Recent Instances of Artificial Intelligence Making Way into Healthcare Sector
As per World Health Organization’s (WHO’s) factsheet, nearly 17.9 million people die every year from cardiovascular diseases, which is 31% of overall deaths recorded worldwide. Furthermore, the Centers for Disease Control and Prevention finds that heart failure afflicts nearly 5.7 million people in the US alone. WHO says that 75% of CVD deaths occur in middle and low-income countries. Therefore, access to an inexpensive and ubiquitous method of screening is the need of the hour.
A Mayo Clinic study conducted at the start of 2019 found that incorporating artificial intelligence in electrocardiogram can help in early detection of asymptomatic left ventricular dysfunction, a condition widely accepted as a sign of heart failure. The research team also discovered a high level of test accuracy, which is comparable to common screening technologies such as mammography used in breast cancer diagnosis.
AI-integrated electrocardiogram can extract information on previously hidden heart ailments accurately. Furthermore, it makes the whole process more inexpensive. The technology therefore holds great promise for saving lives in future.

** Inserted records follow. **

lemma pstar_log_deriv_lower_bound:
  assumes K: "0 < K" and w: "norm w = pstar_radius K"
  shows "pstar_coeff K * pstar_exp K / 4 \<le> norm (w * gap_series_deriv pstar_coeff pstar_exp w)"
proof -
  define B where "B = real (pstar_exp K) / 2 ^ (K + 3)"
  define f where "f k = of_real (pstar_coeff k * real (pstar_exp k)) * w ^ pstar_exp k" for k
  have norm_f: "norm (f k) = pstar_coeff k * (real (pstar_exp k) * pstar_radius K ^ pstar_exp k)" for k
    using pstar_coeff_nonneg[of k] w by (simp add: f_def norm_mult norm_power)
  have coeff_K: "pstar_coeff K * pstar_exp K = 4 * B"
    by (simp add: B_def pstar_coeff_def power_add field_simps)
  have "2 * B \<le> norm (f K)"
  proof -
    have "1 / 2 \<le> pstar_radius K ^ pstar_exp K"
      using half_le_power_one_minus_inverse by (simp add: pstar_radius_def)
    then have "4 * B * (1 / 2) \<le> 4 * B * pstar_radius K ^ pstar_exp K"
      by (intro mult_left_mono) (auto simp: B_def)
    moreover have "norm (f K) = 4 * B * pstar_radius K ^ pstar_exp K"
      using norm_f[of K] coeff_K by (metis mult.assoc)
    ultimately show ?thesis
      by simp
  qed
  moreover have "norm (f K) - (\<Sum>k. pstar_coeff k * B) \<le> norm (suminf f)"
  proof (rule norm_suminf_ge_term)
    show "summable (\<lambda>k. pstar_coeff k * B)"
      by (intro summable_mult2 summable_pstar_coeff)
    show "0 \<le> pstar_coeff K * B"
      using pstar_coeff_nonneg by (simp add: B_def)
    show "norm (f k) \<le> pstar_coeff k * B" if "k \<noteq> K" for k
      unfolding norm_f B_def
      using pstar_exp_term_le[OF K that] pstar_coeff_nonneg by (rule mult_left_mono)
  qed
  moreover have "(\<Sum>k. pstar_coeff k * B) = B"
    using sums_mult2[OF pstar_coeff_sums, of B] by (simp add: sums_iff)
  moreover have "suminf f = w * gap_series_deriv pstar_coeff pstar_exp w"
    unfolding f_def using w pstar_radius_bounds(2)[of K]
    by (intro mult_gap_series_deriv[symmetric] summable_pstar_coeff pstar_coeff_nonneg) simp
  ultimately show ?thesis
    by (simp add: coeff_K)
qed

lemma I_int_pstar_ge:
  assumes "0 < K"
  shows "2 * pi * (pstar_coeff K * pstar_exp K / 4)^2 \<le> I_int pstar (pstar_radius K)"
proof (rule I_int_ge_of_circle_bound)
  show "pstar holomorphic_on ball 0 1"
    using pstar_in_carath_P by (simp add: carath_P_def)
  show "pstar z \<noteq> 0" for z
    by (simp add: pstar_def)
  show "0 \<le> pstar_radius K" "pstar_radius K < 1"
    using pstar_radius_bounds[of K] by auto
  fix w :: complex
  assume w: "norm w = pstar_radius K"
  then have "w * deriv pstar w / pstar w = w * gap_series_deriv pstar_coeff pstar_exp w"
    using pstar_radius_bounds[of K] by (simp add: deriv_pstar pstar_def)
  then show "(pstar_coeff K * pstar_exp K / 4)^2 \<le> (cmod (w * deriv pstar w / pstar w))^2"
    using pstar_log_deriv_lower_bound[OF assms w] pstar_coeff_nonneg[of K]
    by (intro power_mono) auto
qed

lemma pstar_radius_tendsto: "filterlim pstar_radius (at_left 1) sequentially"
proof (rule tendsto_imp_filterlim_at_left)
  show "(pstar_radius \<longlongrightarrow> 1) sequentially"
    unfolding pstar_radius_def pstar_exp_def of_nat_power of_nat_numeral by real_asymp
  show "\<forall>\<^sub>F K in sequentially. pstar_radius K < 1"
    using pstar_radius_bounds(2) by simp
qed

lemma pstar_lower_bound_outgrows:
  assumes "\<beta> < 2"
  shows "filterlim (\<lambda>K. 2 * pi * (pstar_coeff K * pstar_exp K / 4)^2 * (1 - pstar_radius K) powr \<beta>)
           at_top sequentially"
  unfolding pstar_radius_def pstar_coeff_def pstar_exp_def of_nat_power of_nat_numeral
  using assms by real_asymp

theorem theorem1p2:
  shows "\<exists>p\<in>carath_P. \<forall>\<beta>::real. \<beta> < 2 \<longrightarrow>
           \<not> (\<exists>C::real. \<forall>\<^sub>F r in at_left 1. I_int p r \<le> C * (1 - r) powr (- \<beta>))"
proof (intro bexI[OF _ pstar_in_carath_P] allI impI)
  fix \<beta> :: real
  assume "\<beta> < 2"
  have "\<forall>\<^sub>F K in sequentially.
          2 * pi * (pstar_coeff K * pstar_exp K / 4)^2 \<le> I_int pstar (pstar_radius K)"
    using eventually_gt_at_top[of 0] by eventually_elim (rule I_int_pstar_ge)
  then show "\<not> (\<exists>C. \<forall>\<^sub>F r in at_left 1. I_int pstar r \<le> C * (1 - r) powr (- \<beta>))"
    using pstar_radius_tendsto pstar_lower_bound_outgrows[OF \<open>\<beta> < 2\<close>]
    by (intro not_eventually_le_powr_at_left)
qed

end
(* Let $R\subseteq\mathbb Q$ be an infinite set such that there exist computable functions $\tau_1,\tau_2\colon\mathbb N\to\mathbb Z$ with $\tau_2(k)\neq0$ for all $k\in\mathbb N$ and $\{\tau_1(k)/\tau_2(k):k\in\mathbb N\}=R$. If the set of all Diophantine equations which have at most finitely many solutions in $R$ is recursively enumerable, then there exists an algorithm which decides, for any given Diophantine equation, whether or not it has a solution in $R$.
   Context: $\mathbb N=\{0,1,2,\ldots\}$. A Diophantine equation is an equation $D(x_1,\ldots,x_n)=0$ with $D\in\mathbb Z[x_1,\ldots,x_n]$ for some $n\ge1$; such equations are coded as natural numbers so that recursiveness and recursive enumerability of sets of them make sense. A solution in $R$ means a tuple in $R^n$. *)

theory Defs
  imports Complex_Main "HOL-Library.Nat_Bijection"
begin

datatype recf =
    RZero
  | RSuc
  | RProj nat
  | RComp recf "recf list"
  | RPrim recf recf
  | RMin recf

inductive reval :: "recf \<Rightarrow> nat list \<Rightarrow> nat \<Rightarrow> bool" where
  zero: "reval RZero xs 0"
| suc: "reval RSuc (x # xs) (Suc x)"
| proj: "i < length xs \<Longrightarrow> reval (RProj i) xs (xs ! i)"
| comp: "length ys = length gs \<Longrightarrow> (\<forall>i < length gs. reval (gs ! i) xs (ys ! i))
          \<Longrightarrow> reval f ys z \<Longrightarrow> reval (RComp f gs) xs z"
| prim0: "reval f xs y \<Longrightarrow> reval (RPrim f g) (0 # xs) y"
| primS: "reval (RPrim f g) (n # xs) y \<Longrightarrow> reval g (y # n # xs) z
          \<Longrightarrow> reval (RPrim f g) (Suc n # xs) z"
| mini: "reval f (n # xs) 0 \<Longrightarrow> (\<forall>m < n. \<exists>y. reval f (m # xs) (Suc y))
          \<Longrightarrow> reval (RMin f) xs n"
lemma gamma_branch_solves:
  assumes k: "0 < k" and dom: "(\<tau>, \<delta>) \<in> branch_domain b k K"
  shows "0 < gamma_branch b k K \<tau> \<delta>"
    and "gamma_branch b k K \<tau> \<delta> * (1 + k * sin (s_branch b k K \<tau> \<delta>)) = FF \<delta> \<tau>"
    and "gamma_branch b k K \<tau> \<delta> * cos (s_branch b k K \<tau> \<delta>) = cos_target k K \<tau> \<delta>"
proof -
  define F C \<gamma> where "F = FF \<delta> \<tau>" "C = cos_target k K \<tau> \<delta>" "\<gamma> = gamma_branch b k K \<tau> \<delta>"
  have \<delta>: "1 < \<delta>" "\<delta> < Phi" and \<tau>: "0 < \<tau>" "\<tau> < tau_m \<delta>"
    and Q: "0 < gamma_discr k K \<tau> \<delta>" and D: "0 < gamma_denom b k K \<tau> \<delta>"
    and sign: "0 < branch_sign b * (F - \<gamma>)"
    using dom unfolding branch_domain_def F_C_\<gamma>_def by auto
  have "0 < FF \<delta> \<tau>"
    using FF_pos \<delta>(1) \<tau> tau_m_less_1[OF \<delta>] by force
  then show \<gamma>: "0 < gamma_branch b k K \<tau> \<delta>"
    using D unfolding gamma_branch_def by (intro divide_pos_pos add_pos_nonneg) simp_all
  have "(F - \<gamma>)\<^sup>2 + k\<^sup>2 * C\<^sup>2 = k\<^sup>2 * \<gamma>\<^sup>2"
    unfolding F_C_\<gamma>_def gamma_branch_def gamma_denom_def
    by (rule rationalized_root_eq) (use Q D in \<open>auto simp: branch_sign_def gamma_discr_def gamma_denom_def\<close>)
  then have "(C / \<gamma>)\<^sup>2 + ((F - \<gamma>) / (k * \<gamma>))\<^sup>2 = 1"
    using k \<gamma> unfolding F_C_\<gamma>_def by (simp add: field_simps)
  moreover have "0 \<le> branch_sign b * ((F - \<gamma>) / (k * \<gamma>))"
    using sign k \<gamma> unfolding F_C_\<gamma>_def by (simp add: mult.assoc[symmetric] divide_nonneg_pos)
  ultimately have "cos (s_branch b k K \<tau> \<delta>) = C / \<gamma>" "sin (s_branch b k K \<tau> \<delta>) = (F - \<gamma>) / (k * \<gamma>)"
    unfolding s_branch_def F_C_\<gamma>_def Let_def by (rule cos_sin_branch_angle)+
  with k \<gamma> show "gamma_branch b k K \<tau> \<delta> * (1 + k * sin (s_branch b k K \<tau> \<delta>)) = FF \<delta> \<tau>"
    "gamma_branch b k K \<tau> \<delta> * cos (s_branch b k K \<tau> \<delta>) = cos_target k K \<tau> \<delta>"
    unfolding F_C_\<gamma>_def by (simp_all add: field_simps)
qed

The use of Artificial Intelligence Market in healthcare is not limited to a single product category, rather it can be put to use in a plethora of jobs across the healthcare spectrum. AI also finds use in subspecialties, which were manual processes not a long while ago. For instance, an increasing number of healthcare organizations are leveraging artificial intelligence to facilitate electronic patient record. Market leaders such as Philips and Siemens recently demonstrated the use of AI in exploring patient data, relevant to particular case areas.

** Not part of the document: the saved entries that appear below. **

(* Let $S=K[x_1,\dots,x_n]$ be a standard graded polynomial ring over a field $K$ and let $q_1,\dots,q_m\in S$ be homogeneous quadrics forming a regular sequence. Then $R=S/(q_1,\dots,q_m)$ is LG-quadratic; explicitly, with $A=R[y_1,\dots,y_m]/(y_1^2+q_1,\dots,y_m^2+q_m)$ (new variables $y_i$ of degree $1$), $A$ is G-quadratic, $y_1,\dots,y_m$ is a regular sequence on $A$, and $R\cong A/(y_1,\dots,y_m)$.
   Context: A standard graded $K$-algebra $R$ (a quotient $S/I$ of a standard graded polynomial ring $S$ by a homogeneous ideal $I$ containing no linear forms) is G-quadratic if $I$ has a Gröbner basis consisting of quadrics with respect to some choice of linear coordinates of $S_1$ and some term order on $S$. $R$ is LG-quadratic if there exist a G-quadratic algebra $A$ and a regular sequence $y_1,\dots,y_c$ of linear forms of $A$ with $R\cong A/(y_1,\dots,y_c)$. *)

theory Defs
  imports "HOL-Library.Poly_Mapping"
begin

text \<open>The polynomial ring S_n = K[x_0,...,x_{n-1}] is the set of polynomials
  only involving the variables x_i with i < n.\<close>

type_synonym monom = "nat \<Rightarrow>\<^sub>0 nat"
type_synonym 'k mpoly = "monom \<Rightarrow>\<^sub>0 'k"

definition Var :: "nat \<Rightarrow> 'k::field mpoly" where
  "Var i = Poly_Mapping.single (Poly_Mapping.single i 1) 1"

definition mdeg :: "monom \<Rightarrow> nat" where
  "mdeg m = (\<Sum>i\<in>Poly_Mapping.keys m. Poly_Mapping.lookup m i)"

definition polyring :: "nat \<Rightarrow> 'k::field mpoly set" where
  "polyring n = {p. \<forall>m\<in>Poly_Mapping.keys p. Poly_Mapping.keys m \<subseteq> {..<n}}"

definition homogeneous :: "nat \<Rightarrow> 'k::field mpoly \<Rightarrow> bool" where
  "homogeneous d p \<longleftrightarrow> (\<forall>m\<in>Poly_Mapping.keys p. mdeg m = d)"

definition hpart :: "nat \<Rightarrow> 'k::field mpoly \<Rightarrow> 'k mpoly" where
  "hpart d p = (\<Sum>m\<in>{m\<in>Poly_Mapping.keys p. mdeg m = d}. Poly_Mapping.single m (Poly_Mapping.lookup p m))"

text \<open>linear forms / quadrics of S_n (homogeneous of degree 1 / 2; 0 is allowed)\<close>
definition linear_form :: "nat \<Rightarrow> 'k::field mpoly \<Rightarrow> bool" where
  "linear_form n p \<longleftrightarrow> p \<in> polyring n \<and> homogeneous 1 p"

definition quadric :: "nat \<Rightarrow> 'k::field mpoly \<Rightarrow> bool" where
  "quadric n p \<longleftrightarrow> p \<in> polyring n \<and> homogeneous 2 p"

definition ideal_gen :: "nat \<Rightarrow> 'k::field mpoly set \<Rightarrow> 'k mpoly set" where
  "ideal_gen n G = {p. \<exists>F c. finite F \<and> F \<subseteq> G \<and> (\<forall>g\<in>F. c g \<in> polyring n)
                          \<and> p = (\<Sum>g\<in>F. c g * g)}"

definition is_ideal :: "nat \<Rightarrow> 'k::field mpoly set \<Rightarrow> bool" where
  "is_ideal n I \<longleftrightarrow> I \<subseteq> polyring n \<and> 0 \<in> I \<and> (\<forall>p\<in>I. \<forall>q\<in>I. p + q \<in> I)
                    \<and> (\<forall>p\<in>I. \<forall>r\<in>polyring n. r * p \<in> I)"

definition homogeneous_ideal :: "nat \<Rightarrow> 'k::field mpoly set \<Rightarrow> bool" where
  "homogeneous_ideal n I \<longleftrightarrow> is_ideal n I \<and> (\<forall>p\<in>I. \<forall>d. hpart d p \<in> I)"

text \<open>S_n/I is a standard graded K-algebra presentation: I homogeneous,
  containing no (nonzero) linear forms\<close>
definition std_graded :: "nat \<Rightarrow> 'k::field mpoly set \<Rightarrow> bool" where
  "std_graded n I \<longleftrightarrow> homogeneous_ideal n I \<and> (\<forall>p\<in>I. linear_form n p \<longrightarrow> p = 0)"

definition subst :: "(nat \<Rightarrow> 'k::field mpoly) \<Rightarrow> 'k mpoly \<Rightarrow> 'k mpoly" where
  "subst \<sigma> p = (\<Sum>m\<in>Poly_Mapping.keys p. Poly_Mapping.single 0 (Poly_Mapping.lookup p m) *
                    (\<Prod>i\<in>Poly_Mapping.keys m. \<sigma> i ^ Poly_Mapping.lookup m i))"

definition coord_change :: "nat \<Rightarrow> (nat \<Rightarrow> 'k::field mpoly) \<Rightarrow> bool" where
  "coord_change n \<sigma> \<longleftrightarrow> (\<forall>i<n. linear_form n (\<sigma> i)) \<and>
     (\<exists>\<tau>. (\<forall>i<n. linear_form n (\<tau> i)) \<and> (\<forall>i<n. subst \<tau> (\<sigma> i) = Var i)
          \<and> (\<forall>i<n. subst \<sigma> (\<tau> i) = Var i))"

definition term_order :: "nat \<Rightarrow> (monom \<Rightarrow> monom \<Rightarrow> bool) \<Rightarrow> bool" where
  "term_order n ord \<longleftrightarrow>
     (let M = {m. Poly_Mapping.keys m \<subseteq> {..<n}} in
       (\<forall>a\<in>M. ord a a) \<and>
       (\<forall>a\<in>M. \<forall>b\<in>M. ord a b \<and> ord b a \<longrightarrow> a = b) \<and>
       (\<forall>a\<in>M. \<forall>b\<in>M. \<forall>c\<in>M. ord a b \<and> ord b c \<longrightarrow> ord a c) \<and>
       (\<forall>a\<in>M. \<forall>b\<in>M. ord a b \<or> ord b a) \<and>
       (\<forall>a\<in>M. ord 0 a) \<and>
       (\<forall>a\<in>M. \<forall>b\<in>M. \<forall>c\<in>M. ord a b \<longrightarrow> ord (a + c) (b + c)))"

definition lead_monom :: "(monom \<Rightarrow> monom \<Rightarrow> bool) \<Rightarrow> 'k::field mpoly \<Rightarrow> monom" where
  "lead_monom ord p = (THE m. m \<in> Poly_Mapping.keys p \<and> (\<forall>m'\<in>Poly_Mapping.keys p. ord m' m))"

definition groebner_basis :: "(monom \<Rightarrow> monom \<Rightarrow> bool) \<Rightarrow> 'k::field mpoly set \<Rightarrow> 'k mpoly set \<Rightarrow> bool" where
  "groebner_basis ord G I \<longleftrightarrow> finite G \<and> G \<subseteq> I \<and>
     (\<forall>f\<in>I. f \<noteq> 0 \<longrightarrow> (\<exists>g\<in>G. g \<noteq> 0 \<and> (\<exists>u. lead_monom ord f = lead_monom ord g + u)))"

definition G_quadratic :: "nat \<Rightarrow> 'k::field mpoly set \<Rightarrow> bool" where
  "G_quadratic n I \<longleftrightarrow> std_graded n I \<and>
     (\<exists>\<sigma> ord G. coord_change n \<sigma> \<and> term_order n ord \<and> (\<forall>g\<in>G. quadric n g) \<and>
        groebner_basis ord G (subst \<sigma> ` I))"

definition regular_seq :: "nat \<Rightarrow> 'k::field mpoly set \<Rightarrow> 'k mpoly list \<Rightarrow> bool" where
  "regular_seq n J ys \<longleftrightarrow> set ys \<subseteq> polyring n \<and>
     1 \<notin> ideal_gen n (J \<union> set ys) \<and>
     (\<forall>i<length ys. \<forall>f\<in>polyring n.
        ys ! i * f \<in> ideal_gen n (J \<union> set (take i ys)) \<longrightarrow> f \<in> ideal_gen n (J \<union> set (take i ys)))"

text \<open>Isomorphism of standard graded K-algebras S_n/I and S_N/J, given by
  graded K-algebra maps induced by linear substitutions, mutually inverse.\<close>
definition graded_iso :: "nat \<Rightarrow> 'k::field mpoly set \<Rightarrow> nat \<Rightarrow> 'k mpoly set \<Rightarrow> bool" where
  "graded_iso n I N J \<longleftrightarrow>
     (\<exists>\<phi> \<psi>. (\<forall>i<n. linear_form N (\<phi> i)) \<and> (\<forall>i<N. linear_form n (\<psi> i)) \<and>
        subst \<phi> ` I \<subseteq> J \<and> subst \<psi> ` J \<subseteq> I \<and>
        (\<forall>i<n. subst \<psi> (\<phi> i) - Var i \<in> I) \<and>
        (\<forall>i<N. subst \<phi> (\<psi> i) - Var i \<in> J))"

definition LG_quadratic :: "nat \<Rightarrow> 'k::field mpoly set \<Rightarrow> bool" where
  "LG_quadratic n I \<longleftrightarrow> std_graded n I \<and>
     (\<exists>N J ys. G_quadratic N J \<and> (\<forall>y\<in>set ys. linear_form N y) \<and>
        regular_seq N J ys \<and> graded_iso n I N (ideal_gen N (J \<union> set ys)))"

end

theory Submission
  imports Defs
begin

text \<open>
  Let q_0, ..., q_{m-1} be quadrics forming a regular sequence in S = K[x_0, ..., x_{n-1}],
  adjoin new variables y_j = x_{n+j} and put J = (y_j^2 + q_j : j < m) and, for i \<le> m,
  L_i = J + (y_0, ..., y_{i-1}) in S' = K[x_0, ..., x_{n+m-1}], Q_i = (q_0, ..., q_{i-1}) in S.

  Everything rests on an explicit normal form Nf_i on S': it is the K-linear map that sends
  a monomial containing some y_k with k < i to 0 and otherwise replaces every y_j^2 by -q_j.
  Writing a polynomial as a sum of y-monomials with coefficients in S ("y-coefficients") we show
    (1) f - Nf_i f \<in> L_i,
    (2) every y-coefficient of Nf_i P lies in Q_i whenever P \<in> L_i,
    (3) a polynomial all of whose y-coefficients lie in Q_i belongs to L_i.
  For i = 0, (2) says that Nf_0 annihilates J; hence the leading monomial of every nonzero
  element of J, for an order comparing total y-degree first, is divisible by some y_j^2, so the
  generators y_j^2 + q_j form a quadratic Groebner basis.  For i = m, (1)-(3) show that setting
  all y_j to 0 induces S/(q) \<cong> S'/L_m.  Finally, if y_i f \<in> L_i, comparing the y-coefficients of
  Nf_i f and Nf_i (y_i f) via (2) and the regularity of q_i modulo Q_i puts all y-coefficients of
  Nf_i f into Q_i, so f \<in> L_i by (1) and (3): y_0, ..., y_{m-1} is a regular sequence modulo J.
\<close>

abbreviation lookup :: "('a \<Rightarrow>\<^sub>0 'b::zero) \<Rightarrow> 'a \<Rightarrow> 'b" where "lookup \<equiv> Poly_Mapping.lookup"

abbreviation keys :: "('a \<Rightarrow>\<^sub>0 'b::zero) \<Rightarrow> 'a set" where "keys \<equiv> Poly_Mapping.keys"

abbreviation single :: "'a \<Rightarrow> 'b \<Rightarrow> ('a \<Rightarrow>\<^sub>0 'b::zero)" where "single \<equiv> Poly_Mapping.single"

Last year Philips showcased its novel Intellispace Oncology software, which offers an overview of a patient suffering from cancer on a single screen. This integrated oncology solution supports precision medicine programs, helping oncologists reach treatment decisions. The software shows individualized data of a cancer patients, providing information on all patient encounters. These include procedures, imaging exams, labs, pathology, and other related data.
The software is designed to aid complex treatment decisions. In addition to this, Intellispace Oncology software provides insights, which are based on evidence-based decision tools, promoting guidelines adherence.
Similarly, AI-pathway Companion from Siemens aims at expanding precision medicine. It uses AI-based decision support to accelerate decision-taking with regards to diagnosis and treatment. AI-pathway Companion is an AI-based clinical decision support system, designed to support physicians in reaching therapeutic decisions along the clinical pathway. The software optimizes various processes along clinical pathways thus ensuring successful patient management. It offers clinical status of each patient on the basis of artificial intelligence and data integration.
The ever-increasing volume of medical data of a patient can be used for a more personalized and efficient diagnosis and treatment, which also is known as precision medicine. Contrary to this, health data obtained from clinical examinations, genetics, imaging, laboratory results, for example, continues to remain in isolated silos. This is due to the absence of data integration, which may lead to errors in clinical procedures. Incorporating artificial intelligence can fundamentally reshape the healthcare landscape, as it offers an inexpensive medium of accessing the aforementioned data.